» **What is required**:
Set down the records again. Every word and mark must match exactly.

» **Excerpted records**:
(* Let $\boldsymbol{\rho}=(\rho_{ij})_{i,j\in[d]}$ be a $d\times d$ correlation matrix, $d\ge 2$. Define a relation on $[d]$ by $$i \sim j \iff \max_{l\in[d],\, l\neq i,j} |\rho_{il}-\rho_{jl}| = 0 .$$ Then $\sim$ is an equivalence relation, and the partition $G^{\star}$ of $[d]$ into its equivalence classes is the unique coarsest partition $G$ of $[d]$ for which there exist a membership matrix $\mathbf{Z}$ associated with $G$, a $K\times K$ matrix $\boldsymbol{\Pi}$ ($K$ = number of blocks of $G$) and a $d\times d$ diagonal matrix $\boldsymbol{\Gamma}$ with $$\boldsymbol{\rho}=\mathbf{Z}\boldsymbol{\Pi}\mathbf{Z}^{\top}+\boldsymbol{\Gamma}.$$ That is, $G^{\star}$ itself admits such a decomposition, and every partition $G$ admitting such a decomposition is a refinement of $G^{\star}$.
   Context: $[d]=\{1,\dots,d\}$. For a partition $G=\{G_1,\dots,G_K\}$ of $[d]$ with membership map $z:[d]\to[K]$ ($z(i)=k$ iff $i\in G_k$), the associated membership matrix is the $d\times K$ matrix $\mathbf{Z}=(\mathbf{1}_{\{z(i)=k\}})_{(i,k)\in[d]\times[K]}$. A partition $G$ is finer than (a refinement of) $G'$ if every block of $G$ is contained in a block of $G'$; "coarsest" refers to this partial order. *)

theory Defs
  imports Complex_Main "HOL-Library.Disjoint_Sets"
begin

text \<open>Matrices are real-valued functions on index pairs; [d] = {1..d}.\<close>

definition correlation_matrix :: "nat \<Rightarrow> (nat \<Rightarrow> nat \<Rightarrow> real) \<Rightarrow> bool" where
  "correlation_matrix d \<rho> \<longleftrightarrow>
     (\<forall>i\<in>{1..d}. \<rho> i i = 1) \<and>
     (\<forall>i\<in>{1..d}. \<forall>j\<in>{1..d}. \<rho> i j = \<rho> j i) \<and>
     (\<forall>x :: nat \<Rightarrow> real. (\<Sum>i=1..d. \<Sum>j=1..d. x i * \<rho> i j * x j) \<ge> 0)"

definition max_diff :: "nat \<Rightarrow> (nat \<Rightarrow> nat \<Rightarrow> real) \<Rightarrow> nat \<Rightarrow> nat \<Rightarrow> real" where
  "max_diff d \<rho> i j =
     (let S = {1..d} - {i, j} in
      if S = {} then 0 else Max ((\<lambda>l. \<bar>\<rho> i l - \<rho> j l\<bar>) ` S))"
(* Let $q=p^{m_0}$ with $p$ prime, let $R$ be a commutative ring of characteristic $p$, and let $\rho$ be a permutation of $\{0,1,2,\ldots\}$. The $R$-linear map $\rho_\ast:R\{\{u\}\}\to R\{\{u\}\}$ defined by $$\rho_\ast\Big(\sum_{i\ge0}a_i\frac{u^i}{i!}\Big):=\sum_{i\ge0}a_i\frac{u^{\rho_\ast i}}{(\rho_\ast i)!}$$ is an $R$-algebra automorphism of $R\{\{u\}\}$.
   Context: For a nonnegative integer $i=\sum_j c_jq^j$ ($0\le c_j<q$), $\rho_\ast i:=\sum_j c_jq^{\rho(j)}$; $i\mapsto\rho_\ast i$ is a bijection of the nonnegative integers. $R\{\{u\}\}$ is the $R$-algebra of formal divided power series $\sum_{i\ge0}a_i\frac{u^i}{i!}$ ($a_i\in R$), where $\frac{u^i}{i!}$ are formal symbols, addition is coefficientwise, and multiplication is determined by $\frac{u^i}{i!}\cdot\frac{u^j}{j!}=\binom{i+j}{i}\frac{u^{i+j}}{(i+j)!}$. *)

theory Defs
  imports "HOL-Computational_Algebra.Primes"
begin

text \<open>Divided power series R{{u}}: a series sum a_i u^i/i! is represented by its
coefficient function a :: nat => R.\<close>

definition dps_add :: "(nat \<Rightarrow> 'a::comm_ring_1) \<Rightarrow> (nat \<Rightarrow> 'a) \<Rightarrow> (nat \<Rightarrow> 'a)" where
  "dps_add a b = (\<lambda>n. a n + b n)"

definition dps_smult :: "'a::comm_ring_1 \<Rightarrow> (nat \<Rightarrow> 'a) \<Rightarrow> (nat \<Rightarrow> 'a)" where
  "dps_smult c a = (\<lambda>n. c * a n)"

text \<open>Multiplication determined by u^i/i! * u^j/j! = binom(i+j,i) u^(i+j)/(i+j)!.\<close>
definition dps_mult :: "(nat \<Rightarrow> 'a::comm_ring_1) \<Rightarrow> (nat \<Rightarrow> 'a) \<Rightarrow> (nat \<Rightarrow> 'a)" where
  "dps_mult a b = (\<lambda>n. \<Sum>i\<le>n. of_nat (n choose i) * a i * b (n - i))"

definition dps_one :: "nat \<Rightarrow> 'a::comm_ring_1" where
  "dps_one = (\<lambda>n. if n = 0 then 1 else 0)"

text \<open>rho_* on nonnegative integers: permute the base-q digit positions.
  Digits at positions j > i of i vanish (q >= 2), so summing over j <= i suffices.\<close>
definition rho_nat :: "nat \<Rightarrow> (nat \<Rightarrow> nat) \<Rightarrow> nat \<Rightarrow> nat" where
  "rho_nat q \<rho> i = (\<Sum>j\<le>i. ((i div q ^ j) mod q) * q ^ (\<rho> j))"

text \<open>rho_* on divided power series: the coefficient a_i is moved to position rho_* i,
  i.e. the new coefficient at position k is a_(rho_*^{-1} k).\<close>
definition rho_dps :: "nat \<Rightarrow> (nat \<Rightarrow> nat) \<Rightarrow> (nat \<Rightarrow> 'a::comm_ring_1) \<Rightarrow> (nat \<Rightarrow> 'a)" where
  "rho_dps q \<rho> a = (\<lambda>k. a (inv (rho_nat q \<rho>) k))"

definition is_dps_alg_aut :: "((nat \<Rightarrow> 'a::comm_ring_1) \<Rightarrow> (nat \<Rightarrow> 'a)) \<Rightarrow> bool" where
  "is_dps_alg_aut f \<longleftrightarrow>
     bij f \<and>
     (\<forall>a b. f (dps_add a b) = dps_add (f a) (f b)) \<and>
     (\<forall>c a. f (dps_smult c a) = dps_smult c (f a)) \<and>
     (\<forall>a b. f (dps_mult a b) = dps_mult (f a) (f b)) \<and>
     f dps_one = dps_one"

end

theory Submission
  imports Defs "HOL-Computational_Algebra.Polynomial" "HOL-Library.Groups_Big_Fun"
begin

» **Answer space**:
(* Let $\boldsymbol{\rho}=(\rho_{ij})_{i,j\in[d]}$ be a $d\times d$ correlation matrix, $d\ge 2$. Define a relation on $[d]$ by $$i \sim j \iff \max_{l\in[d],\, l\neq i,j} |\rho_{il}-\rho_{jl}| = 0 .$$ Then $\sim$ is an equivalence relation, and the partition $G^{\star}$ of $[d]$ into its equivalence classes is the unique coarsest partition $G$ of $[d]$ for which there exist a membership matrix $\mathbf{Z}$ associated with $G$, a $K\times K$ matrix $\boldsymbol{\Pi}$ ($K$ = number of blocks of $G$) and a $d\times d$ diagonal matrix $\boldsymbol{\Gamma}$ with $$\boldsymbol{\rho}=\mathbf{Z}\boldsymbol{\Pi}\mathbf{Z}^{\top}+\boldsymbol{\Gamma}.$$ That is, $G^{\star}$ itself admits such a decomposition, and every partition $G$ admitting such a decomposition is a refinement of $G^{\star}$.
   Context: $[d]=\{1,\dots,d\}$. For a partition $G=\{G_1,\dots,G_K\}$ of $[d]$ with membership map $z:[d]\to[K]$ ($z(i)=k$ iff $i\in G_k$), the associated membership matrix is the $d\times K$ matrix $\mathbf{Z}=(\mathbf{1}_{\{z(i)=k\}})_{(i,k)\in[d]\times[K]}$. A partition $G$ is finer than (a refinement of) $G'$ if every block of $G$ is contained in a block of $G'$; "coarsest" refers to this partial order. *)

theory Defs
  imports Complex_Main "HOL-Library.Disjoint_Sets"
begin

text \<open>Matrices are real-valued functions on index pairs; [d] = {1..d}.\<close>

definition correlation_matrix :: "nat \<Rightarrow> (nat \<Rightarrow> nat \<Rightarrow> real) \<Rightarrow> bool" where
  "correlation_matrix d \<rho> \<longleftrightarrow>
     (\<forall>i\<in>{1..d}. \<rho> i i = 1) \<and>
     (\<forall>i\<in>{1..d}. \<forall>j\<in>{1..d}. \<rho> i j = \<rho> j i) \<and>
     (\<forall>x :: nat \<Rightarrow> real. (\<Sum>i=1..d. \<Sum>j=1..d. x i * \<rho> i j * x j) \<ge> 0)"

definition max_diff :: "nat \<Rightarrow> (nat \<Rightarrow> nat \<Rightarrow> real) \<Rightarrow> nat \<Rightarrow> nat \<Rightarrow> real" where
  "max_diff d \<rho> i j =
     (let S = {1..d} - {i, j} in
      if S = {} then 0 else Max ((\<lambda>l. \<bar>\<rho> i l - \<rho> j l\<bar>) ` S))"
(* Let $q=p^{m_0}$ with $p$ prime, let $R$ be a commutative ring of characteristic $p$, and let $\rho$ be a permutation of $\{0,1,2,\ldots\}$. The $R$-linear map $\rho_\ast:R\{\{u\}\}\to R\{\{u\}\}$ defined by $$\rho_\ast\Big(\sum_{i\ge0}a_i\frac{u^i}{i!}\Big):=\sum_{i\ge0}a_i\frac{u^{\rho_\ast i}}{(\rho_\ast i)!}$$ is an $R$-algebra automorphism of $R\{\{u\}\}$.
   Context: For a nonnegative integer $i=\sum_j c_jq^j$ ($0\le c_j<q$), $\rho_\ast i:=\sum_j c_jq^{\rho(j)}$; $i\mapsto\rho_\ast i$ is a bijection of the nonnegative integers. $R\{\{u\}\}$ is the $R$-algebra of formal divided power series $\sum_{i\ge0}a_i\frac{u^i}{i!}$ ($a_i\in R$), where $\frac{u^i}{i!}$ are formal symbols, addition is coefficientwise, and multiplication is determined by $\frac{u^i}{i!}\cdot\frac{u^j}{j!}=\binom{i+j}{i}\frac{u^{i+j}}{(i+j)!}$. *)

theory Defs
  imports "HOL-Computational_Algebra.Primes"
begin

text \<open>Divided power series R{{u}}: a series sum a_i u^i/i! is represented by its
coefficient function a :: nat => R.\<close>

definition dps_add :: "(nat \<Rightarrow> 'a::comm_ring_1) \<Rightarrow> (nat \<Rightarrow> 'a) \<Rightarrow> (nat \<Rightarrow> 'a)" where
  "dps_add a b = (\<lambda>n. a n + b n)"

definition dps_smult :: "'a::comm_ring_1 \<Rightarrow> (nat \<Rightarrow> 'a) \<Rightarrow> (nat \<Rightarrow> 'a)" where
  "dps_smult c a = (\<lambda>n. c * a n)"

text \<open>Multiplication determined by u^i/i! * u^j/j! = binom(i+j,i) u^(i+j)/(i+j)!.\<close>
definition dps_mult :: "(nat \<Rightarrow> 'a::comm_ring_1) \<Rightarrow> (nat \<Rightarrow> 'a) \<Rightarrow> (nat \<Rightarrow> 'a)" where
  "dps_mult a b = (\<lambda>n. \<Sum>i\<le>n. of_nat (n choose i) * a i * b (n - i))"

definition dps_one :: "nat \<Rightarrow> 'a::comm_ring_1" where
  "dps_one = (\<lambda>n. if n = 0 then 1 else 0)"

text \<open>rho_* on nonnegative integers: permute the base-q digit positions.
  Digits at positions j > i of i vanish (q >= 2), so summing over j <= i suffices.\<close>
definition rho_nat :: "nat \<Rightarrow> (nat \<Rightarrow> nat) \<Rightarrow> nat \<Rightarrow> nat" where
  "rho_nat q \<rho> i = (\<Sum>j\<le>i. ((i div q ^ j) mod q) * q ^ (\<rho> j))"

text \<open>rho_* on divided power series: the coefficient a_i is moved to position rho_* i,
  i.e. the new coefficient at position k is a_(rho_*^{-1} k).\<close>
definition rho_dps :: "nat \<Rightarrow> (nat \<Rightarrow> nat) \<Rightarrow> (nat \<Rightarrow> 'a::comm_ring_1) \<Rightarrow> (nat \<Rightarrow> 'a)" where
  "rho_dps q \<rho> a = (\<lambda>k. a (inv (rho_nat q \<rho>) k))"

definition is_dps_alg_aut :: "((nat \<Rightarrow> 'a::comm_ring_1) \<Rightarrow> (nat \<Rightarrow> 'a)) \<Rightarrow> bool" where
  "is_dps_alg_aut f \<longleftrightarrow>
     bij f \<and>
     (\<forall>a b. f (dps_add a b) = dps_add (f a) (f b)) \<and>
     (\<forall>c a. f (dps_smult c a) = dps_smult c (f a)) \<and>
     (\<forall>a b. f (dps_mult a b) = dps_mult (f a) (f b)) \<and>
     f dps_one = dps_one"

end

theory Submission
  imports Defs "HOL-Computational_Algebra.Polynomial" "HOL-Library.Groups_Big_Fun"
begin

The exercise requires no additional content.